▸ The problem: Your job is to set down the stretch of entries that opens with the line containing "(verit) atLeastAtMost_iff norm_ge_zero)" and closes with the line containing "that wp by auto". Keep both end lines, copy each exactly, and add nothing.

▸ Stored data entries:
***

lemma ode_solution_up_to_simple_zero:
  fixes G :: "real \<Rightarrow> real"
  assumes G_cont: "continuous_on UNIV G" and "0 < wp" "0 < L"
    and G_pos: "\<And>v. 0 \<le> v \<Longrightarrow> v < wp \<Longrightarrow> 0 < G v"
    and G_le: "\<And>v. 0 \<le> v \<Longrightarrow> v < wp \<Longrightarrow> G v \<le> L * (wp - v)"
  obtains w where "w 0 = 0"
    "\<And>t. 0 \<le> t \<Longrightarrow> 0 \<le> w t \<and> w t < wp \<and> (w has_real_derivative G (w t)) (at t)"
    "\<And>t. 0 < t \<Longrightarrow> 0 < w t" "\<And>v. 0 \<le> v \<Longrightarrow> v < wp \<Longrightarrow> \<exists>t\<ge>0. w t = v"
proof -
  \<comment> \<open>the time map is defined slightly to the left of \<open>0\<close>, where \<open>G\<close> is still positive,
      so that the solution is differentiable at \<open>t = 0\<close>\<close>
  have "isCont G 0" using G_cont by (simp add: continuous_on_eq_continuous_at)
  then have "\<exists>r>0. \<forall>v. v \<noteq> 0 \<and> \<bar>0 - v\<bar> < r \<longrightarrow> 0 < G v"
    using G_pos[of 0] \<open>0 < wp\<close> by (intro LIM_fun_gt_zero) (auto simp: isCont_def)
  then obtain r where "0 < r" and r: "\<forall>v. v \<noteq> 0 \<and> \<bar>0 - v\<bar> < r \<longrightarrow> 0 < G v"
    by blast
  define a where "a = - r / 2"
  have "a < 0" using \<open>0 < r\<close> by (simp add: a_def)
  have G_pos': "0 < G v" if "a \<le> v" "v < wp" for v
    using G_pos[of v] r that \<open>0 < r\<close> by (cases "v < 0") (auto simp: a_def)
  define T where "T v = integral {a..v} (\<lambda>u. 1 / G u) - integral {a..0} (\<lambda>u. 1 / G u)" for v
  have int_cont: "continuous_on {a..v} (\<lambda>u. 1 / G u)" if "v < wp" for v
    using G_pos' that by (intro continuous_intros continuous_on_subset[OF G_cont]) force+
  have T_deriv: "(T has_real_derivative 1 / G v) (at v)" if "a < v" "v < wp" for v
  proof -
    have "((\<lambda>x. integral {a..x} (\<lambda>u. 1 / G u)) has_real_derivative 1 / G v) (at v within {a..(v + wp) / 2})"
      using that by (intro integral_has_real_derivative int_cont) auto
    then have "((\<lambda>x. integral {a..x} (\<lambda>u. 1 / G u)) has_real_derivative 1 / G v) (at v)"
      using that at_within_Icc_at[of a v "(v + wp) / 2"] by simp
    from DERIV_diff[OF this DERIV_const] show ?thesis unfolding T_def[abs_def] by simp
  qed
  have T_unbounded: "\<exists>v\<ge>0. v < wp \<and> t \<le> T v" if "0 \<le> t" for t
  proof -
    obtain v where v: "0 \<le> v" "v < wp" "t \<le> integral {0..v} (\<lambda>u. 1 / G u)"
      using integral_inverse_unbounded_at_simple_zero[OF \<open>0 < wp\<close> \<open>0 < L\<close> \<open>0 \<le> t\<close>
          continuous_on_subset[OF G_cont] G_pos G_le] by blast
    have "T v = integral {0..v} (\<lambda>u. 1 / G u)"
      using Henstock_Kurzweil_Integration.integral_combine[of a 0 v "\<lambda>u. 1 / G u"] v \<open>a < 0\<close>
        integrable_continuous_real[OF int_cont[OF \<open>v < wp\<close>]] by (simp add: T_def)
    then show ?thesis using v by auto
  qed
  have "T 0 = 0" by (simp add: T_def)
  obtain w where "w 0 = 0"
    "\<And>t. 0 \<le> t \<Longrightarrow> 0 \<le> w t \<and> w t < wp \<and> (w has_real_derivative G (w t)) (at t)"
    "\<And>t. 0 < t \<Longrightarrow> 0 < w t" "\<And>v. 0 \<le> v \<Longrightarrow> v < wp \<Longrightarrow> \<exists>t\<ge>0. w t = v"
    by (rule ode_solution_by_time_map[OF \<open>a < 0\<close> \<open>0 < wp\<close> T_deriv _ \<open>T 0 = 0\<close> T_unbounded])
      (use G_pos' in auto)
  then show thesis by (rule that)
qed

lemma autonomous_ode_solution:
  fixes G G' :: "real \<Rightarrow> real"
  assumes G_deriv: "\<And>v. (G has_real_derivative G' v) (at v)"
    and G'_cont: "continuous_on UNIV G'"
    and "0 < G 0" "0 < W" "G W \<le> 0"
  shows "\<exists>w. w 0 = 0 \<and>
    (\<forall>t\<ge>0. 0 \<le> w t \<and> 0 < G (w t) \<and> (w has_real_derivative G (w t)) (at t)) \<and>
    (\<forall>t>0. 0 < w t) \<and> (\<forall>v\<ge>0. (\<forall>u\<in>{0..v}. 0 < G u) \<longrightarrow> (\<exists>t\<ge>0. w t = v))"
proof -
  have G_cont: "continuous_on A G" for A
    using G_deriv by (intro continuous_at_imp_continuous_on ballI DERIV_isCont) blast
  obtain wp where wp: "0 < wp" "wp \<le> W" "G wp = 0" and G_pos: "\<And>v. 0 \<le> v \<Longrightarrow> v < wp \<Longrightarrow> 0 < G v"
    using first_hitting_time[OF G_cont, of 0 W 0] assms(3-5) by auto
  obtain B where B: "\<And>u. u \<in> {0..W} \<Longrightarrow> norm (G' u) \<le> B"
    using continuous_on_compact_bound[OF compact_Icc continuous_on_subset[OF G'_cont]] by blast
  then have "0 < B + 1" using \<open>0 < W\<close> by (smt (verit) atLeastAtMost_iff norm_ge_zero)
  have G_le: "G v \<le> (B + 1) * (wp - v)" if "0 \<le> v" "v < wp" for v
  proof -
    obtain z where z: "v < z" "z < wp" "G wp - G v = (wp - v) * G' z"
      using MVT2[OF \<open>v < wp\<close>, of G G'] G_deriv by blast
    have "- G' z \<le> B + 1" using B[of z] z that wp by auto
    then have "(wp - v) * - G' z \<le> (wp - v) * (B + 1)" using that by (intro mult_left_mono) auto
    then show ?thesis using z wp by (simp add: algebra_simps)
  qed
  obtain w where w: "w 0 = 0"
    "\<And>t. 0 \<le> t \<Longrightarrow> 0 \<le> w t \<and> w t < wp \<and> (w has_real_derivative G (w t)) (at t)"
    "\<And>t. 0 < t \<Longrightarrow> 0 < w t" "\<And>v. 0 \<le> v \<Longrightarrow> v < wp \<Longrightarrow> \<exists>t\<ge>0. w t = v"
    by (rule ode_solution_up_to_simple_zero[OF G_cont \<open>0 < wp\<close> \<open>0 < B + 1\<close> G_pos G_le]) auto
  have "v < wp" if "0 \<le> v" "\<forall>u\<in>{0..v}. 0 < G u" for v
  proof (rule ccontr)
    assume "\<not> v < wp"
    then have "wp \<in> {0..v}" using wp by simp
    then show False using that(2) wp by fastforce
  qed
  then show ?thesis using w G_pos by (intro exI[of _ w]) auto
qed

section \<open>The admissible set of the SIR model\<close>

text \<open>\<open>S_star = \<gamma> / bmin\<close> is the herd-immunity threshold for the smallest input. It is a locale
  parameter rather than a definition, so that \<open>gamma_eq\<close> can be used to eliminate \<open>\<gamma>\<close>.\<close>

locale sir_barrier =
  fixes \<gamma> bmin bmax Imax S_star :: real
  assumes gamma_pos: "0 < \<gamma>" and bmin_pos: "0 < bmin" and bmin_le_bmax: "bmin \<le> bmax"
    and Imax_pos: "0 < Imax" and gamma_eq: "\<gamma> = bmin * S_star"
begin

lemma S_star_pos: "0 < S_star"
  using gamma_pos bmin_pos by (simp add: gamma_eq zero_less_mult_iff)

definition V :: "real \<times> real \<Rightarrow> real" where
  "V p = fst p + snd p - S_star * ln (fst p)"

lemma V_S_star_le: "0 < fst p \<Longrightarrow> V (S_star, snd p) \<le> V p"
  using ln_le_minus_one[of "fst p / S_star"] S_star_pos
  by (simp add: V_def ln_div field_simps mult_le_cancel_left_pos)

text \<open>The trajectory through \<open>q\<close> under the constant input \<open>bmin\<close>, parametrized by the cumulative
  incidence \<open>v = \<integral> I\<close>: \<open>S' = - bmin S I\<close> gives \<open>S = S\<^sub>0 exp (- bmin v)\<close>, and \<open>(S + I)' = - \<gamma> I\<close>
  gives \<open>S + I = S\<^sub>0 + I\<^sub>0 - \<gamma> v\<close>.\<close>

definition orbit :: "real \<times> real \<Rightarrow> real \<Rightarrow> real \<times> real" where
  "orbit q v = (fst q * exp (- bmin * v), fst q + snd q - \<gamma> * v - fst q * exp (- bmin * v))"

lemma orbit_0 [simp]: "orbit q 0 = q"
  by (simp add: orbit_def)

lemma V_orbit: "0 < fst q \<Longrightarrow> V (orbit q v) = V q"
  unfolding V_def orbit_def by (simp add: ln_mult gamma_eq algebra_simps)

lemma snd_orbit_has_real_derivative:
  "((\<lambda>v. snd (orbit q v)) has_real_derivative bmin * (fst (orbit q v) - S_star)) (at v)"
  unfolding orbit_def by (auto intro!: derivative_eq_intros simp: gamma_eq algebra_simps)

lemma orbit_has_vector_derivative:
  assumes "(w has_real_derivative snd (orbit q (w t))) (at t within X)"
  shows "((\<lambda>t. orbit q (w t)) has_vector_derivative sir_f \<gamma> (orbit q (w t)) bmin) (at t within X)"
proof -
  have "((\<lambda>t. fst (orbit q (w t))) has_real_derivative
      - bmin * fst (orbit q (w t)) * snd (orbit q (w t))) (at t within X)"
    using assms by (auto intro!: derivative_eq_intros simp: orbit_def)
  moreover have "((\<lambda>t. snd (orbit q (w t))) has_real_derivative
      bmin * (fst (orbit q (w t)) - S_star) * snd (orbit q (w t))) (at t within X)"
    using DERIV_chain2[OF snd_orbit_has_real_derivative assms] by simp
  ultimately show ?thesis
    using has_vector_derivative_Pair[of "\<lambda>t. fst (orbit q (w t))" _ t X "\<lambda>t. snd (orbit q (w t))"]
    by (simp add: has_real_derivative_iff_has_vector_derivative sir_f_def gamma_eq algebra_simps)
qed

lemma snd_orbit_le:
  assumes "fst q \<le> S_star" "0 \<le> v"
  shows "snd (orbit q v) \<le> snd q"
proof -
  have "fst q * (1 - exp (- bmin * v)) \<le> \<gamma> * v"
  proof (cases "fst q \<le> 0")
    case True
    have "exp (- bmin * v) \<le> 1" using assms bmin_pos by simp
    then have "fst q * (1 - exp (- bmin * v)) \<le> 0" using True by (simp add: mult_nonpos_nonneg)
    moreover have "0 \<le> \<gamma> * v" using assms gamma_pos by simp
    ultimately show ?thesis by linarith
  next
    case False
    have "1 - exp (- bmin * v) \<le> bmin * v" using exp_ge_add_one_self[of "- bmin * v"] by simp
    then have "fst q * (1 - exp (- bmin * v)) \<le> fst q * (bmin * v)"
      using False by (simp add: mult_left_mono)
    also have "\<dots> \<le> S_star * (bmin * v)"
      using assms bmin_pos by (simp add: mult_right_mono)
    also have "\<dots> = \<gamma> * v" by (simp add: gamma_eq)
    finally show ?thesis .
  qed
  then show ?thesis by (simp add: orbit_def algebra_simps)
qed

***

▸ Answer area:
  then have "0 < B + 1" using \<open>0 < W\<close> by (smt (verit) atLeastAtMost_iff norm_ge_zero)
  have G_le: "G v \<le> (B + 1) * (wp - v)" if "0 \<le> v" "v < wp" for v
  proof -
    obtain z where z: "v < z" "z < wp" "G wp - G v = (wp - v) * G' z"
      using MVT2[OF \<open>v < wp\<close>, of G G'] G_deriv by blast
    have "- G' z \<le> B + 1" using B[of z] z that wp by auto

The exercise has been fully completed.